_Your goal_
Report every line of the entries that contains the word "lemma".

_Excerpted records_
lemma cover_par_comp_insert_descent:
  assumes uv: "le u v" and s: "s \<in> cox_descents G S (pquot (supp u) v)"
  shows "pcomp (insert s (supp u)) v \<in> cox_interval G S u v"
    "cox_covers G S u (pcomp (insert s (supp u)) v)"
proof -
  define I K f where "I = supp u" and "K = insert s I" and "f = pcomp K v"
  note support = support_par_comp_insert_descent[OF uv s]
  have v: "v \<in> carrier G" and u: "u \<in> carrier G" using cox_le_factorization[OF uv] by auto
  have K: "K \<subseteq> S" and IK: "I \<subseteq> K"
    using support_subset_gens[OF u] s by (auto simp: I_def K_def cox_descents_def)
  have comp_I: "pcomp I v = u" using uv unfolding cox_le_def I_def by simp
  have uf: "le u f" using cox_le_par_comp[OF K IK v] comp_I f_def by simp
  have fv: "le f v" using par_comp_le[OF K v] f_def by simp
  have "f \<noteq> u" using support by (auto simp: f_def K_def I_def)
  have no_between: "\<not> (lt u z \<and> lt z f)" for z
  proof
    assume "lt u z \<and> lt z f"
    then have uz: "le u z" and zf: "le z f" and "z \<noteq> u" "z \<noteq> f"
      unfolding cox_less_def by auto
    have "I \<subseteq> supp z" "supp z \<subseteq> K"
      using support_mono[OF uz] support_mono[OF zf] support(2) by (auto simp: f_def K_def I_def)
    then have "supp z = I \<or> supp z = K" using K_def by auto
    moreover have "pcomp (supp z) v = z" using cox_le_trans[OF zf fv] unfolding cox_le_def by simp
    ultimately show False using \<open>z \<noteq> u\<close> \<open>z \<noteq> f\<close> comp_I f_def by auto
  qed
  show "f \<in> cox_interval G S u v" using uf fv unfolding cox_interval_def by simp
  show "cox_covers G S u f"
    using uf \<open>f \<noteq> u\<close> no_between unfolding cox_covers_def cox_less_def by auto
qed

lemma cover_eq_par_comp_insert_descent:
  assumes uv: "le u v" and u': "u' \<in> cox_interval G S u v" and cover: "cox_covers G S u u'"
  obtains s where "s \<in> cox_descents G S (pquot (supp u) v)" "u' = pcomp (insert s (supp u)) v"
proof -
  define I J q y where "I = supp u" and "J = supp u'" and "q = pquot I u'" and "y = pquot J v"
  have uu': "le u u'" and u'v: "le u' v" using u' unfolding cox_interval_def by auto
  note UV = cox_le_factorization[OF uv, folded I_def]
  note UU' = cox_le_factorization[OF uu', folded I_def, folded q_def J_def]
  note U'V = cox_le_factorization[OF u'v, folded J_def, folded y_def]
  have J: "J \<subseteq> S" and IJ: "I \<subseteq> J"
    using support_subset_gens[OF UU'(2)] support_mono[OF uu'] by (auto simp: I_def J_def)
  have q_closed: "q \<in> carrier G" using UU'(3) min_reps_iff by auto
  have "q \<noteq> \<one>" using UU'(1,4) cover unfolding cox_covers_def cox_less_def by auto
  then obtain s where s_q: "s \<in> supp q" and descent: "len (q \<otimes> s) < len q"
    using descent_in_support[OF q_closed] by blast
  have sJ: "s \<in> J" using s_q UU'(5) by auto
  have "q = u' \<otimes> inv u" using UU'(1,4) q_closed by (simp add: inv_solve_right)
  moreover have "u \<in> par J" "u' \<in> par J"
    using parabolic_mono[OF IJ] in_parabolic_support UU'(1,2) by (auto simp: I_def J_def)
  ultimately have q_par: "q \<in> par J" using parabolic_mult[OF J _ parabolic_inv[OF J]] by metis
  have "y \<otimes> q \<otimes> u = pquot I v \<otimes> u"
    using U'V(4) UU'(4) UV(4) U'V(3) UU'(1) q_closed min_reps_iff by (auto simp: m_assoc)
  then have x: "pquot I v = y \<otimes> q"
    using UU'(1) UV(3) U'V(3) q_closed min_reps_iff by auto
  have s_desc: "s \<in> cox_descents G S (pquot (supp u) v)"
    using descent_of_min_reps_mult[OF J U'V(3) q_par sJ descent] x sJ J
    unfolding cox_descents_def I_def by auto
  define f where "f = pcomp (insert s I) v"
  have "le f u'"
    using cox_le_par_comp[OF J _ UV(2)] IJ sJ u'v unfolding f_def cox_le_def J_def by auto
  moreover have "lt u f" and "\<not> lt f u'"
    using cover_par_comp_insert_descent[OF uv s_desc] cover
    unfolding f_def I_def cox_covers_def by auto
  ultimately have "u' = f" unfolding cox_less_def by auto
  then show ?thesis using that s_desc f_def I_def by blast
qed

lemma card_covers_in_interval:
  assumes uv: "le u v"
  shows "card {u' \<in> cox_interval G S u v. cox_covers G S u u'}
         = card (cox_descents G S (pquot (supp u) v))"
proof -
  define D f where "D = cox_descents G S (pquot (supp u) v)"
    and "f s = pcomp (insert s (supp u)) v" for s
  have "{u' \<in> cox_interval G S u v. cox_covers G S u u'} = f ` D"
  proof (intro equalityI subsetI)
    fix u' assume "u' \<in> {u' \<in> cox_interval G S u v. cox_covers G S u u'}"
    then obtain s where "s \<in> D" "u' = f s"
      using cover_eq_par_comp_insert_descent[OF uv, of u'] unfolding D_def f_def by auto
    then show "u' \<in> f ` D" by simp
  next
    fix u' assume "u' \<in> f ` D"
    then show "u' \<in> {u' \<in> cox_interval G S u v. cox_covers G S u u'}"
      using cover_par_comp_insert_descent[OF uv] unfolding D_def f_def by auto
  qed
  moreover have "inj_on f D"
  proof (rule inj_onI)
    fix s s' assume s: "s \<in> D" and s': "s' \<in> D" and "f s = f s'"
    then have "insert s (supp u) = insert s' (supp u)"
      using support_par_comp_insert_descent(2)[OF uv] unfolding D_def f_def by metis
    moreover have "s \<notin> supp u" "s' \<notin> supp u"
      using support_par_comp_insert_descent(1)[OF uv] s s' unfolding D_def by auto
    ultimately show "s = s'" by auto
  qed
  ultimately show ?thesis by (simp add: card_image D_def)
qed

end

theorem mainTheorem11:
  fixes G :: "('a, 'b) monoid_scheme" and S :: "'a set" and u v :: 'a
  assumes "coxeter_system G S" and "finite S"
    and "cox_less G S u v"
  shows "card {u' \<in> cox_interval G S u v. cox_covers G S u u'}
         = card (cox_descents G S (par_quot G S (cox_support G S u) v))"
proof -
  interpret coxeter G S using coxeter_system_imp_coxeter[OF assms(1)] .
  show ?thesis using card_covers_in_interval[of u v] assms(3) unfolding cox_less_def by simp
qed

end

_Worked solution_
lemma cover_par_comp_insert_descent:
lemma cover_eq_par_comp_insert_descent:
lemma card_covers_in_interval:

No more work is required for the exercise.